In these entries, tally the lines where "exists" occurs. Respond with only the count.

***** INFORMATION SHOWN

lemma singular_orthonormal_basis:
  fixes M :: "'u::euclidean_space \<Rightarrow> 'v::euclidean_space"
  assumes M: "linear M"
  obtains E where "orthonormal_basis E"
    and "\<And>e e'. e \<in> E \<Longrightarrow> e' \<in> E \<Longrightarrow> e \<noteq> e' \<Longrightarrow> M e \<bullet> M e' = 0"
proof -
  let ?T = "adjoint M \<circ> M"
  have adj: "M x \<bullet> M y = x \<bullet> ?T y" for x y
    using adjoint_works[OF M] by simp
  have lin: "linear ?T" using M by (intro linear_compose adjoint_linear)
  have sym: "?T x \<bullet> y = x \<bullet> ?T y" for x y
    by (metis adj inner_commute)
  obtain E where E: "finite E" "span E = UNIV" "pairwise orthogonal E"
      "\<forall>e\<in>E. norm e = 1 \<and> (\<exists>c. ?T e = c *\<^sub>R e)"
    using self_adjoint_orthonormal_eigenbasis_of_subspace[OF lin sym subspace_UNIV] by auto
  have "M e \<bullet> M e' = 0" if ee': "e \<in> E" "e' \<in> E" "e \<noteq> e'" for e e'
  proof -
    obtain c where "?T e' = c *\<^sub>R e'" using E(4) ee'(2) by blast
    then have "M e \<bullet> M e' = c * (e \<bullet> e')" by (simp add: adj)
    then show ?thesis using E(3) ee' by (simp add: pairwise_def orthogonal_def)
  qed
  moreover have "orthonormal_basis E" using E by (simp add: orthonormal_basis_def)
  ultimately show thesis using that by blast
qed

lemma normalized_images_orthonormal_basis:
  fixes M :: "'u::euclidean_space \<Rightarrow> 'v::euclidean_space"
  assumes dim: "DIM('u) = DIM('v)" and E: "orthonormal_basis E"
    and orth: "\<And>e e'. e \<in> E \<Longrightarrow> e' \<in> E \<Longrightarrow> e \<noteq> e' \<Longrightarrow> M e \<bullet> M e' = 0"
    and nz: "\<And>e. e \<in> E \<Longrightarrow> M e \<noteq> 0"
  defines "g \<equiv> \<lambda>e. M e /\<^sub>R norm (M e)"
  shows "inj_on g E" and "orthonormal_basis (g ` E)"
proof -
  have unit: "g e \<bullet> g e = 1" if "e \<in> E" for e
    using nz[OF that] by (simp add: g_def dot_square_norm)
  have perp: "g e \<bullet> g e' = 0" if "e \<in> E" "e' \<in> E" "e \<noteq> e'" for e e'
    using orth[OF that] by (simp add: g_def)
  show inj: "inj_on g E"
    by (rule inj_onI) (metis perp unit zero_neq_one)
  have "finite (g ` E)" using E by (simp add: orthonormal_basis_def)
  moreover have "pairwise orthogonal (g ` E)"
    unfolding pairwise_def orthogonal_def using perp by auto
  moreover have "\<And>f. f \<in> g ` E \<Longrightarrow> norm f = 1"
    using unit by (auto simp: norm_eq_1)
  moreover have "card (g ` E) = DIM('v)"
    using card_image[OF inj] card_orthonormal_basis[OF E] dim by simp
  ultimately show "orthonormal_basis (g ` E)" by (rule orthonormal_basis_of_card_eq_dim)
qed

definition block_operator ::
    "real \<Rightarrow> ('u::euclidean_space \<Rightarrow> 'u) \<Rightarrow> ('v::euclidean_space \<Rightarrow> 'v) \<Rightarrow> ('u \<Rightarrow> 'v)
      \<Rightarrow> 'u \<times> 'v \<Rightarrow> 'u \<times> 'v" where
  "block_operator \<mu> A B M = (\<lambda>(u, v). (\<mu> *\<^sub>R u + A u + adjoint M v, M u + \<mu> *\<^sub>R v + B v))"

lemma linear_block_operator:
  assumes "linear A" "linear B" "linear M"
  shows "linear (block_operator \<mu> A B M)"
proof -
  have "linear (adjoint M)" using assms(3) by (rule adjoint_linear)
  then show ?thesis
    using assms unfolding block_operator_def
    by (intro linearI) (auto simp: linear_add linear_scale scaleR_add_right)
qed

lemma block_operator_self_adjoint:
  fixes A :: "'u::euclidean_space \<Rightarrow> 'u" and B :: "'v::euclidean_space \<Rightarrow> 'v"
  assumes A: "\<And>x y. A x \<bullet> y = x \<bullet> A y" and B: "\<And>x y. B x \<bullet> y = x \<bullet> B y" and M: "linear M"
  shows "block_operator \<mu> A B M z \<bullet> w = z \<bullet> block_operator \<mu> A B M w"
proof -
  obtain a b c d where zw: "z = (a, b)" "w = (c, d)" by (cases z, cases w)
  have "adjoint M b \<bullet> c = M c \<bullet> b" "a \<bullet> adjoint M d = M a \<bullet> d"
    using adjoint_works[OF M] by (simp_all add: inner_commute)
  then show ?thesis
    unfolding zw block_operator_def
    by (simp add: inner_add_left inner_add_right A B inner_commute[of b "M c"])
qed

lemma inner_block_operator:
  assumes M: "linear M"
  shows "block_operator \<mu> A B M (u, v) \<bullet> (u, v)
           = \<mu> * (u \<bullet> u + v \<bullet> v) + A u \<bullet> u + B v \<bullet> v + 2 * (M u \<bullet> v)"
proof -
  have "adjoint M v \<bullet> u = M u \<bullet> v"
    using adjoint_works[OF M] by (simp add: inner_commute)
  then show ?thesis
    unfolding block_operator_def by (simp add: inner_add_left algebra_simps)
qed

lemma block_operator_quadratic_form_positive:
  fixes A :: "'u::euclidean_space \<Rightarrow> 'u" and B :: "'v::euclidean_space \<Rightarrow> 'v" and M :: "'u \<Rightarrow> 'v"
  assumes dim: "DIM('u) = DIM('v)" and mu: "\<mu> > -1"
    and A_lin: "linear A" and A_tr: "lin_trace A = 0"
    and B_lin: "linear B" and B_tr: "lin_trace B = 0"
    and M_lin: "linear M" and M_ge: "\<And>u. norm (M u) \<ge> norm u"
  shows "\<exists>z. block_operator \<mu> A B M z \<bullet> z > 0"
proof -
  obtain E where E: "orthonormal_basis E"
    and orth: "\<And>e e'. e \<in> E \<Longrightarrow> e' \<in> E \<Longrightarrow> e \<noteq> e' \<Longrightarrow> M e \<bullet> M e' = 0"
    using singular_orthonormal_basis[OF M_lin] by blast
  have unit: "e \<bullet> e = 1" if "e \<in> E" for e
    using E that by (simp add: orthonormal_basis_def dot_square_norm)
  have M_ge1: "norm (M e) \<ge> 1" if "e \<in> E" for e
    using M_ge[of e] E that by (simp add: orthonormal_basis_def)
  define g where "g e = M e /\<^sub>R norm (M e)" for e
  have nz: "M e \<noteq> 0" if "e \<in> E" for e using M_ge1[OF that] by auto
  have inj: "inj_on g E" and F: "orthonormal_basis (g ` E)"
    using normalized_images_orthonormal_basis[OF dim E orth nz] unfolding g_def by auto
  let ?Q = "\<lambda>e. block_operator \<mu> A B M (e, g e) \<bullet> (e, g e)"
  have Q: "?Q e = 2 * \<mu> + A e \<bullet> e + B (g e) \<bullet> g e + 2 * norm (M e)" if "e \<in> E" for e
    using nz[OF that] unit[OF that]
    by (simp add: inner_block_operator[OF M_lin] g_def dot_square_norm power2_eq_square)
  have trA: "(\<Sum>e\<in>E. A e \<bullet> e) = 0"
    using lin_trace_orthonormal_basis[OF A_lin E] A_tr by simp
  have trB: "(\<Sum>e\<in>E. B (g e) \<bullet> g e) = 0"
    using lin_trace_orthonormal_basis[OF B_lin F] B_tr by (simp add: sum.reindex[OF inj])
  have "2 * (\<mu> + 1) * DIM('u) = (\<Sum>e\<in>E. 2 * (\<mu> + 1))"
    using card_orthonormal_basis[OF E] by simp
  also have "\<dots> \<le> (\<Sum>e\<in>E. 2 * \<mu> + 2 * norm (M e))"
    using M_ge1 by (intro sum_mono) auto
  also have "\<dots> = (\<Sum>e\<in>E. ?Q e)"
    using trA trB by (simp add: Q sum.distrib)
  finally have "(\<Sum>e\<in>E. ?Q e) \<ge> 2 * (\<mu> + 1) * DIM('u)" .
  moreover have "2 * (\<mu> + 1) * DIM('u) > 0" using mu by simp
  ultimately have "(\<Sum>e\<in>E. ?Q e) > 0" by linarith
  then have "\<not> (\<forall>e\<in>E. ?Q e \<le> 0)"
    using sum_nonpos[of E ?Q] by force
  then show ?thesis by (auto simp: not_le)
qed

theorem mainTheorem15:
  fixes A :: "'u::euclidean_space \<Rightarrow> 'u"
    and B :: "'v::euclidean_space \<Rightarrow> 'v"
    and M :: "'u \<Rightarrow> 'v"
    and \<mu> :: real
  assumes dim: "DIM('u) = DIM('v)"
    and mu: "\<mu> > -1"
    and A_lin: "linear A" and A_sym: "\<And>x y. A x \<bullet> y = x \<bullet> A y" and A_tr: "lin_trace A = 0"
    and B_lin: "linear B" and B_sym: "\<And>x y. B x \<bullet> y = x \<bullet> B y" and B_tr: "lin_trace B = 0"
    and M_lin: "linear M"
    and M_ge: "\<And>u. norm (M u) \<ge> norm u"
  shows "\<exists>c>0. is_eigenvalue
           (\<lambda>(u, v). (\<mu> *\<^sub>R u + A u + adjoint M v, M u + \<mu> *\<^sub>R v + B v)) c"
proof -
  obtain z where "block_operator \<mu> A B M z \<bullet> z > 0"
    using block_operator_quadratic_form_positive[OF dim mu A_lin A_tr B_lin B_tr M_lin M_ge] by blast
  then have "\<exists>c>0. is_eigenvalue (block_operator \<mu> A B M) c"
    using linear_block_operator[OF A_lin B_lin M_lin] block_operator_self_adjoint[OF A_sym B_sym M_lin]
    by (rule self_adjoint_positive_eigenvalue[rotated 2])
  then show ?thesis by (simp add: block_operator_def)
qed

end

**********
***** INFORMATION SHOWN

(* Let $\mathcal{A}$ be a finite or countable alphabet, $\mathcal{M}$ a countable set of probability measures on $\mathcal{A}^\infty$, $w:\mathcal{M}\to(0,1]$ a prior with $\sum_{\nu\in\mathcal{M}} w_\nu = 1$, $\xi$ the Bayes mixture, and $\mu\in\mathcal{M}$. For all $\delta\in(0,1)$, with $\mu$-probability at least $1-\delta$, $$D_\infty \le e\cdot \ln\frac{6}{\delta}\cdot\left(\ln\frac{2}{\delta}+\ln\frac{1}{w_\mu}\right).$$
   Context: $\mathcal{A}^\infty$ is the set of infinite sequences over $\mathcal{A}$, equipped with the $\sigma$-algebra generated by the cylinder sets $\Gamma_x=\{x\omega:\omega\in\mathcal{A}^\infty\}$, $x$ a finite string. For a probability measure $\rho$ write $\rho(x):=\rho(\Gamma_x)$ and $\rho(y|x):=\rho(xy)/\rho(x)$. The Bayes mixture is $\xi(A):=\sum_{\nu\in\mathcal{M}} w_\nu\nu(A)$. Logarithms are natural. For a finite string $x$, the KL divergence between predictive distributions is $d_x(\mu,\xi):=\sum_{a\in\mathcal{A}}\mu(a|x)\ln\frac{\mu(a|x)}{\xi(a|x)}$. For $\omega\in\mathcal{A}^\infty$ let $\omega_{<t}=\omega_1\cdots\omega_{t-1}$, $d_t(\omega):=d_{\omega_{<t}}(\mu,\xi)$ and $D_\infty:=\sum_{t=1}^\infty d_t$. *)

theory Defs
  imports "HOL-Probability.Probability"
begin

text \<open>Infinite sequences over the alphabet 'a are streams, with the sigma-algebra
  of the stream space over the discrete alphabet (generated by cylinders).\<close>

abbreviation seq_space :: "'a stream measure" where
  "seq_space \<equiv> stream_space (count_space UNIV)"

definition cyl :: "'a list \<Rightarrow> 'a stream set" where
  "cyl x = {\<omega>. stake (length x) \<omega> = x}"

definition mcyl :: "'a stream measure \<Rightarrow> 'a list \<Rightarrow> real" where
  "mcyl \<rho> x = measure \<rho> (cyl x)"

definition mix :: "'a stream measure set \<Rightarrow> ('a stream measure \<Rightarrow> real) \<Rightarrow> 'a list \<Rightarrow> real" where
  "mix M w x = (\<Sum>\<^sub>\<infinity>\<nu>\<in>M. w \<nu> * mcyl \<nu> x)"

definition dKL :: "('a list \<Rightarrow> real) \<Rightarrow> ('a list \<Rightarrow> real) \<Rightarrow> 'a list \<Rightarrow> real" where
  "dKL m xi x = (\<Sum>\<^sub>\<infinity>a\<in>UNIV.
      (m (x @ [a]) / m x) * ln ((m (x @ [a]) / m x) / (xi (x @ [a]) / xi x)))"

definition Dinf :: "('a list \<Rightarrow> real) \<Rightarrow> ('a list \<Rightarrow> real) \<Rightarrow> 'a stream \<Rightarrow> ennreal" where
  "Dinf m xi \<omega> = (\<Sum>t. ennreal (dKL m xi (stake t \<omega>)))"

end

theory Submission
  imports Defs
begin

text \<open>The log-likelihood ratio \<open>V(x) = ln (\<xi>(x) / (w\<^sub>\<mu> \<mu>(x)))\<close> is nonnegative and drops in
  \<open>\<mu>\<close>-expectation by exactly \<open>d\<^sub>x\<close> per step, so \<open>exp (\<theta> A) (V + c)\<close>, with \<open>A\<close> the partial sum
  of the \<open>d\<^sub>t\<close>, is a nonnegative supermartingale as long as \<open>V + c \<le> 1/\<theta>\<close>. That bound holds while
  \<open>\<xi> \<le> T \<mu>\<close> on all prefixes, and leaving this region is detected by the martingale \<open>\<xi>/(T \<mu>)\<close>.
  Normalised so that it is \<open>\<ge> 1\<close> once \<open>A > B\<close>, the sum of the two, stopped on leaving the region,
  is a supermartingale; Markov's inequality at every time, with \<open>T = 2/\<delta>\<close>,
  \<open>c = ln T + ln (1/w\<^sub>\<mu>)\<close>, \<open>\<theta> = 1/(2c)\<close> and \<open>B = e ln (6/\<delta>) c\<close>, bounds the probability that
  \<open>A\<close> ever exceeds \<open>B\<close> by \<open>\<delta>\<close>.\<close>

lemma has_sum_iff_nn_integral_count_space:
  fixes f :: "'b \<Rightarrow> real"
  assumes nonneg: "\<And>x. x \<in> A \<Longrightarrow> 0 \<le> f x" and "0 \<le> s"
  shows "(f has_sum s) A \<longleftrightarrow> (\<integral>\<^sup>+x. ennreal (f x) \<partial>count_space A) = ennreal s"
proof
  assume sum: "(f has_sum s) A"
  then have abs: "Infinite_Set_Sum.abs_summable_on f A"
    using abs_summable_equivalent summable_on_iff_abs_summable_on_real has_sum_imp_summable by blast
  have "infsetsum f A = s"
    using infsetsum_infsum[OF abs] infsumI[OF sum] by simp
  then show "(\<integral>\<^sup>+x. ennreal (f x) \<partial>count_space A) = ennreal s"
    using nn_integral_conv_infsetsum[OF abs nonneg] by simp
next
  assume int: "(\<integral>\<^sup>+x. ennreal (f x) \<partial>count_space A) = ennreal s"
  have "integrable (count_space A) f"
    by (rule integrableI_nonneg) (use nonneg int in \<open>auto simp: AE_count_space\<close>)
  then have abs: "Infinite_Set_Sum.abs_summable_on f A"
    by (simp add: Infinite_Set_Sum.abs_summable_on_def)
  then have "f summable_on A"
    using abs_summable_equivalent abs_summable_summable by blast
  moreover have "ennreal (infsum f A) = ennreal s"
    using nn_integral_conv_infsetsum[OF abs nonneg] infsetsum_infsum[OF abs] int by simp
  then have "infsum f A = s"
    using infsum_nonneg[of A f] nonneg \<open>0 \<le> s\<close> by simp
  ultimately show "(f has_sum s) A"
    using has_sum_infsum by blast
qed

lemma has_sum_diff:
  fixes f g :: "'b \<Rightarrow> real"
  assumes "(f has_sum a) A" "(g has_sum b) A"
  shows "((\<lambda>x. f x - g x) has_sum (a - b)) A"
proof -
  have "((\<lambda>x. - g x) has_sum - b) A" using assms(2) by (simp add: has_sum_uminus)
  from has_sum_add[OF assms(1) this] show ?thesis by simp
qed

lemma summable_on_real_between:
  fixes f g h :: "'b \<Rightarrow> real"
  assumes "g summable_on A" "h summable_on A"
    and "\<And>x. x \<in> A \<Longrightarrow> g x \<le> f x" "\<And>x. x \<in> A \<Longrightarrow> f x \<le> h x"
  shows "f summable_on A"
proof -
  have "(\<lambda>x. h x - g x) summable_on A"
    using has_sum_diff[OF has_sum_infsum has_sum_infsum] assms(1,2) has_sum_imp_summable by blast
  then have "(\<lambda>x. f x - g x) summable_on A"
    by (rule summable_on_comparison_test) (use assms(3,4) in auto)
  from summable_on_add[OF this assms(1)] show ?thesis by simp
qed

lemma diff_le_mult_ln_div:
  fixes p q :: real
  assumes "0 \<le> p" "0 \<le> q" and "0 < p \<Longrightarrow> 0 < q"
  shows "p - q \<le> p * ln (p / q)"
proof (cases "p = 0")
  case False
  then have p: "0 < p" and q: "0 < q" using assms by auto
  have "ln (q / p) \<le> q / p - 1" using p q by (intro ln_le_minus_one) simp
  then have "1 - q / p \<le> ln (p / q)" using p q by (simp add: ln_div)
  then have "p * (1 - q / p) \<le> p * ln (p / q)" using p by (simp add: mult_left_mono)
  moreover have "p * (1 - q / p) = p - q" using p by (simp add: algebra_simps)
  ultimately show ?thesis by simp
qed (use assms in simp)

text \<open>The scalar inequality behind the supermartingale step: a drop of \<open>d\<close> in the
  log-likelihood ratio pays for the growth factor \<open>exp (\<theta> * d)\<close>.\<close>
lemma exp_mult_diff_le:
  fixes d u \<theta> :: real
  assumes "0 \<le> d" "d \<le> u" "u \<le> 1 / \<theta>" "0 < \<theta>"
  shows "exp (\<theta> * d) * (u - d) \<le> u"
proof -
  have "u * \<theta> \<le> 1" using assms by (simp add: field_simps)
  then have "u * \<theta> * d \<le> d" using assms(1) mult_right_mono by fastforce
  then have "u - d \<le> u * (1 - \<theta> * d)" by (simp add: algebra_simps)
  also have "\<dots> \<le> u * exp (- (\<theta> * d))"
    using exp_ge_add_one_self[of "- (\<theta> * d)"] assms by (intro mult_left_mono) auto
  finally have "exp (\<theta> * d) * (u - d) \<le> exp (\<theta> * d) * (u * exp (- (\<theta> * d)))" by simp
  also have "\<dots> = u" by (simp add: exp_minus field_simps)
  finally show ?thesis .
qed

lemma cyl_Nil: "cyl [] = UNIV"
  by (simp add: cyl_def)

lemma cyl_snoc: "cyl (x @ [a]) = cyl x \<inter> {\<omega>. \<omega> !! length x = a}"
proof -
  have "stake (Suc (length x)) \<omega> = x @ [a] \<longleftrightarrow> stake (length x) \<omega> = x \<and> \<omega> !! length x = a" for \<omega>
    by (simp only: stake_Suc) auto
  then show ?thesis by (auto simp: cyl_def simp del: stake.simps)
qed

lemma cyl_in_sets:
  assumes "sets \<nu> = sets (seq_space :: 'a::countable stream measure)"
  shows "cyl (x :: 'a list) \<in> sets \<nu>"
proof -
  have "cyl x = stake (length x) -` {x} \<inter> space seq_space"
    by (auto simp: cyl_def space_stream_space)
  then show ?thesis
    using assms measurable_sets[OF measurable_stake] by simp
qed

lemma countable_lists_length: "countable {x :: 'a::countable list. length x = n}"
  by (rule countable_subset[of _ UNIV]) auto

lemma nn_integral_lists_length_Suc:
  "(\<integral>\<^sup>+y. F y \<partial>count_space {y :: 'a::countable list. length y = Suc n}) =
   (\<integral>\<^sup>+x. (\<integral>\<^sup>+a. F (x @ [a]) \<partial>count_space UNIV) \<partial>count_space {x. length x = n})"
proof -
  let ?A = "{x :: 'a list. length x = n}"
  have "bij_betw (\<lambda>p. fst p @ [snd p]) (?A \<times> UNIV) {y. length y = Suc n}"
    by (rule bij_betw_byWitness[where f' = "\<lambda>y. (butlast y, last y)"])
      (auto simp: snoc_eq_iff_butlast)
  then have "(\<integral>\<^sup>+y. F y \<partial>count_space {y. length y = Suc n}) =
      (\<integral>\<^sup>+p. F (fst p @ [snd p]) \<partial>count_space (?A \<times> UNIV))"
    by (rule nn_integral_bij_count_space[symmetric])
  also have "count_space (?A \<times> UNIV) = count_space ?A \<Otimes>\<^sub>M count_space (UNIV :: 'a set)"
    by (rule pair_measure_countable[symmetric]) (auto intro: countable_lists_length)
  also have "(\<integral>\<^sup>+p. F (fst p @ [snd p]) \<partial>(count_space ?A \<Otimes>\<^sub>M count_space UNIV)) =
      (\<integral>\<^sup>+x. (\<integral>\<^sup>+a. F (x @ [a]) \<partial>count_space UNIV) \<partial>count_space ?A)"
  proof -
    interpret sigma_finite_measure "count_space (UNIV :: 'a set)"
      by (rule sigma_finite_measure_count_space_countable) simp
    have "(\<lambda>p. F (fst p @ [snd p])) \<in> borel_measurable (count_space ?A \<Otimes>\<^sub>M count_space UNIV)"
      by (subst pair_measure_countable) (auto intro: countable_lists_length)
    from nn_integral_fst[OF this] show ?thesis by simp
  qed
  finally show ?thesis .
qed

**********
***** INFORMATION SHOWN

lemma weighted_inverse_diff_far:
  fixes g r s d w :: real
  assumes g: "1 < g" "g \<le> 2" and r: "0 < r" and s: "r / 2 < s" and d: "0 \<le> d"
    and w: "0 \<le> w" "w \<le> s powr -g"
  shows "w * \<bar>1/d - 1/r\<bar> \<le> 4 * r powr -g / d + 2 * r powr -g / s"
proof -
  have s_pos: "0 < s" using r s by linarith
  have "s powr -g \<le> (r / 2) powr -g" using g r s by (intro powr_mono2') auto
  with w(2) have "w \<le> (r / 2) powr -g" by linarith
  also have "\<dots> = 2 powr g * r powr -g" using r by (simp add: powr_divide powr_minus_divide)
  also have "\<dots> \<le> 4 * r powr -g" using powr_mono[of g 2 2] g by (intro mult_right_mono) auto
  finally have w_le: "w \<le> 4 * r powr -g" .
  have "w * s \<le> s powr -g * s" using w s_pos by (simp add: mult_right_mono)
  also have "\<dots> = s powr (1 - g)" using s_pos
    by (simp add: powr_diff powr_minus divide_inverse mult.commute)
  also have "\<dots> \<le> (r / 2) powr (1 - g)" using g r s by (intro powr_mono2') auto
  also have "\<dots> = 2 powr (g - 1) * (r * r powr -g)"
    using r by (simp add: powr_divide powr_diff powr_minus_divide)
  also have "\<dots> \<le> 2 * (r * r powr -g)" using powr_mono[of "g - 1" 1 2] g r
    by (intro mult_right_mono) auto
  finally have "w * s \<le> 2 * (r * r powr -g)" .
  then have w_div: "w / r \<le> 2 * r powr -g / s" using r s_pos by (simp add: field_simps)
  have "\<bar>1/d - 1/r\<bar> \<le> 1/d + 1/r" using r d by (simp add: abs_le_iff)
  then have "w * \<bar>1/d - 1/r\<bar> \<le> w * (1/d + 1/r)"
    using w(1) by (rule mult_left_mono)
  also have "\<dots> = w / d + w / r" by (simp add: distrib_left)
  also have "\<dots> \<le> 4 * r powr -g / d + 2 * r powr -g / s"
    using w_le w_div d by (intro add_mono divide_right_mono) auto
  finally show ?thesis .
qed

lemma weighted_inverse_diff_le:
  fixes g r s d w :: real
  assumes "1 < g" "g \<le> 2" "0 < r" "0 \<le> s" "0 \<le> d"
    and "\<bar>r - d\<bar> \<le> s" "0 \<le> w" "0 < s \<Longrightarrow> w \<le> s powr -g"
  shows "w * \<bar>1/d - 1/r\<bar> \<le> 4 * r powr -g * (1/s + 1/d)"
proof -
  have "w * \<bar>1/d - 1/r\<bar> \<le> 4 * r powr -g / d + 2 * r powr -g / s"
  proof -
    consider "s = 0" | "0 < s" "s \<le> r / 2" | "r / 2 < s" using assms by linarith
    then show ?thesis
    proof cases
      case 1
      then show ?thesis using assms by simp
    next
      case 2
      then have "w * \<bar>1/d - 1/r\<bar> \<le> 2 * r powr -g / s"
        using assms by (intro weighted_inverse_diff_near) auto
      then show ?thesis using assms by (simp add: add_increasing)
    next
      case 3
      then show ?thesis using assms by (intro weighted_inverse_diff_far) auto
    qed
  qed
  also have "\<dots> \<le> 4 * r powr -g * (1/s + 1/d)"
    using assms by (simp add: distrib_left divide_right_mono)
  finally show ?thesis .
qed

**********

## EXERCISE SOLUTION
4